Home > Other > Murder Among Thieves (C.I.D Room Book 3) > Page 7
Murder Among Thieves (C.I.D Room Book 3) Page 7

by Roderic Jeffries


  They went through to the manager’s office. The assistant manager sat down behind the large desk, rested his elbows on the desk, joined the tips of his fingers together, and spoke in a voice in which condescension battled with self-satisfaction. “You’re interested in the bank account of Mr. Fish? Not one of our larger accounts.”

  Rowan’s mouth twisted more than usual. Did this pimp think his own middle name was Rockefeller?

  “I’ve had prepared photostat copies of his account over the past year. You’ll no doubt note that the largest credit paid in is for twenty-five pounds.”

  Rowan took the three sheets and briefly scanned them.
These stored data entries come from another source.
text \<open>Local parametrisation (inverse of a chart) of an embedded submanifold M with model
  space real^'k: a smooth immersion of an open set onto an open subset of M which is a
  homeomorphism onto its image.\<close>
definition local_param :: "'v::real_normed_vector set \<Rightarrow> (real^'k::finite) set \<Rightarrow> (real^'k \<Rightarrow> 'v) \<Rightarrow> bool" where
  "local_param M U \<psi> \<longleftrightarrow> open U \<and> smooth_on U \<psi> \<and>
     (\<forall>x\<in>U. inj (frechet_derivative \<psi> (at x))) \<and>
     \<psi> ` U \<subseteq> M \<and> openin (top_of_set M) (\<psi> ` U) \<and>
     (\<exists>g. homeomorphism U (\<psi> ` U) \<psi> g)"

text \<open>S has measure zero in the CARD('k)-dimensional submanifold M: its preimage under
  every chart parametrisation is Lebesgue-null.\<close>
definition null_in_manifold :: "'k::finite itself \<Rightarrow> 'v::real_normed_vector set \<Rightarrow> 'v set \<Rightarrow> bool" where
  "null_in_manifold _ M S \<longleftrightarrow>
     (\<forall>U (\<psi>::real^'k \<Rightarrow> 'v). local_param M U \<psi> \<longrightarrow> {x \<in> U. \<psi> x \<in> S} \<in> null_sets lebesgue)"
section \<open>Incidences between points and k-flats\<close>

text \<open>Double counting point-flat incidences, every point lying in equally many flats.\<close>
lemma card_kflats_containing_point:
  assumes "x \<in> cube n"
  shows "card {F\<in>kflats n k. x \<in> F} * 2 ^ k = card (kflats n k)"
proof -
  define K where "K = kflats n k"
  have "2 ^ n * card {F\<in>K. x \<in> F} = (\<Sum>y\<in>cube n. card {F\<in>K. y \<in> F})"
    using card_kflats_containing_point_eq[OF _ assms] by (simp add: K_def card_cube)
  also have "\<dots> = (\<Sum>F\<in>K. card F)"
  proof (intro sum_multicount_gen ballI)
    fix F assume "F \<in> K"
    then have "{y\<in>cube n. y \<in> F} = F"
      using kflat_subset_cube unfolding K_def by blast
    then show "card {y\<in>cube n. y \<in> F} = card F"
      by simp
  qed (simp_all add: K_def finite_cube finite_kflats)
  finally have "2 ^ n * card {F\<in>K. x \<in> F} * 2 ^ k = (\<Sum>F\<in>K. card F * 2 ^ k)"
    by (simp add: sum_distrib_right)
  also have "\<dots> = 2 ^ n * card K"
    by (simp add: K_def card_kflat)
  finally show ?thesis
    by (simp add: K_def)
qed

text \<open>Double counting the pairs (z, F) with z \<noteq> x and x, z \<in> F.\<close>
lemma card_kflats_containing_pair_mult:
  assumes "k \<le> n" "x \<in> cube n" "y \<in> cube n" "x \<noteq> y"
  shows "(2 ^ n - 1) * card {F\<in>kflats n k. x \<in> F \<and> y \<in> F}
           = card {F\<in>kflats n k. x \<in> F} * (2 ^ (n - k) - 1)"
proof -
  define K where "K = kflats n k"
  have "(\<Sum>z\<in>cube n - {x}. card {F\<in>K. x \<in> F \<and> z \<in> F})
      = (\<Sum>z\<in>cube n - {x}. card {F\<in>K. x \<in> F \<and> y \<in> F})"
    unfolding K_def by (intro sum.cong refl card_kflats_containing_pair_eq) (use assms in auto)
  then have "(2 ^ n - 1) * card {F\<in>K. x \<in> F \<and> y \<in> F}
      = (\<Sum>z\<in>cube n - {x}. card {F\<in>K. x \<in> F \<and> z \<in> F})"
    using assms(2) by (simp add: card_cube card_Diff_singleton finite_cube)
  also have "\<dots> = (\<Sum>F\<in>K. if x \<in> F then 2 ^ (n - k) - 1 else 0)"
  proof (intro sum_multicount_gen ballI)
    fix F assume F: "F \<in> K"
    then have "{z\<in>cube n - {x}. x \<in> F \<and> z \<in> F} = (if x \<in> F then F - {x} else {})"
      using kflat_subset_cube unfolding K_def by auto
    moreover have "finite F"
      using F kflat_subset_cube finite_cube finite_subset unfolding K_def by metis
    moreover have "card F = 2 ^ (n - k)"
      using F assms(1) card_kflat_eq unfolding K_def by blast
    ultimately show "card {z\<in>cube n - {x}. x \<in> F \<and> z \<in> F} = (if x \<in> F then 2 ^ (n - k) - 1 else 0)"
      by (simp add: card_Diff_singleton)
  qed (simp_all add: K_def finite_cube finite_kflats)
  also have "\<dots> = card {F\<in>K. x \<in> F} * (2 ^ (n - k) - 1)"
    unfolding K_def by (simp add: sum.inter_filter[OF finite_kflats, symmetric])
  finally show ?thesis
    by (simp add: K_def)
qed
There was clearly no sign here of any large payment of money for information. “Has his wife an account with you?”

  “No other member of the family has.”

  “Has he any deposits of securities or other valuables?”

  “No, nothing, Inspector.”

  “Constable,” retorted Rowan sourly.

  “Well, well, I’m sure it’s only a question of time before promotion overtakes you.” The assistant manager giggled.

  Rowan folded up the photostat copies and put them in his docket. “I’ll give you a receipt.”

  “Don’t bother.”

  “Regulations.” Rowan wrote out the receipt and left, escorted to the side door by the ever-loquacious, ever self-satisfied assistant manager.

  Back on the pavement, Rowan stood for a moment in the hot sunshine. He had now checked at the two banks on the accounts of Fish and Blether and neither account showed any payment in of any sum of money over twenty-five pounds: he had spoken to the man at the post office and Young had a savings account but that also had only recorded small sums. There remained the trustee savings bank.

  Heather was modelling at this very moment. A month ago, he’d demanded she stop work and she’d laughed in his face. Who was going to pay to keep their standard of living as high as it was if she didn’t earn some money? But how in God’s name was she earning it?

  *

  Welland was a large, cheerful man, with an amiably boisterous manner that sometimes led people into believing he was a bit of a mutt, an impression heightened by his somewhat lopsided face. In fact, although he was not particularly clever, he did have a fund of common-sense. If he lacked anything, it was enough realistic ambition to make him realise that life could not always be so happy and easy as it had been for him since his marriage: he was a man who would never fulfil his potential.

  He interviewed Mrs. Locksley, mother of Boyd Locksley, in her council house on an estate on the west side of Fortrow. He should, as a matter of courtesy, have let Western Division know he was in their territory, but he had forgotten to do so. They sat in the front room, filled with non-matching furniture that had obviously been bought at sales. She was an elderly woman, dressed in black, whose face bore the lines of a hard, sad life. She spoke in a flat voice, seemingly devoid of emotion. “Boyd was a good boy. Ever since his father died, he’s been looking after me.”

  Welland was vaguely surprised she was so calm — he did not bother to note the expression in her eyes and so understand the extent of shocked grief she was suffering.

  “He gave me five pound a week,” she went on. “He used to like going out with his friends, but he always gave me five pound.”

  “D’you know where he used to go when he went out with the lads?”

  “Where?” She looked briefly at Welland. “There’s a club down Fairlight Road where him and his friends went a lot. Did you know he was courting?”

  “I didn’t, no.”

  “Sally. She ain’t been near ’ere since… since it took place.”

  “Where does she live?”

  “Number forty-four. Boyd’s dad used to say her dad was a twister: can’t say I likes him.”

  “Did your son run a car?”

  “He’s always ’ad a motorbike and many’s the time I’ve said — seeing ’im race about — you’ll kill yourself…” She gripped the arms of the imitation leather armchair she was sitting on.

  “Did he keep on changing his bikes?”

  She shook her head and said nothing for a few seconds. “The one he’s got now he bought off a pal of his. Didn’t go proper ’til Boyd spent a lot of money on it.”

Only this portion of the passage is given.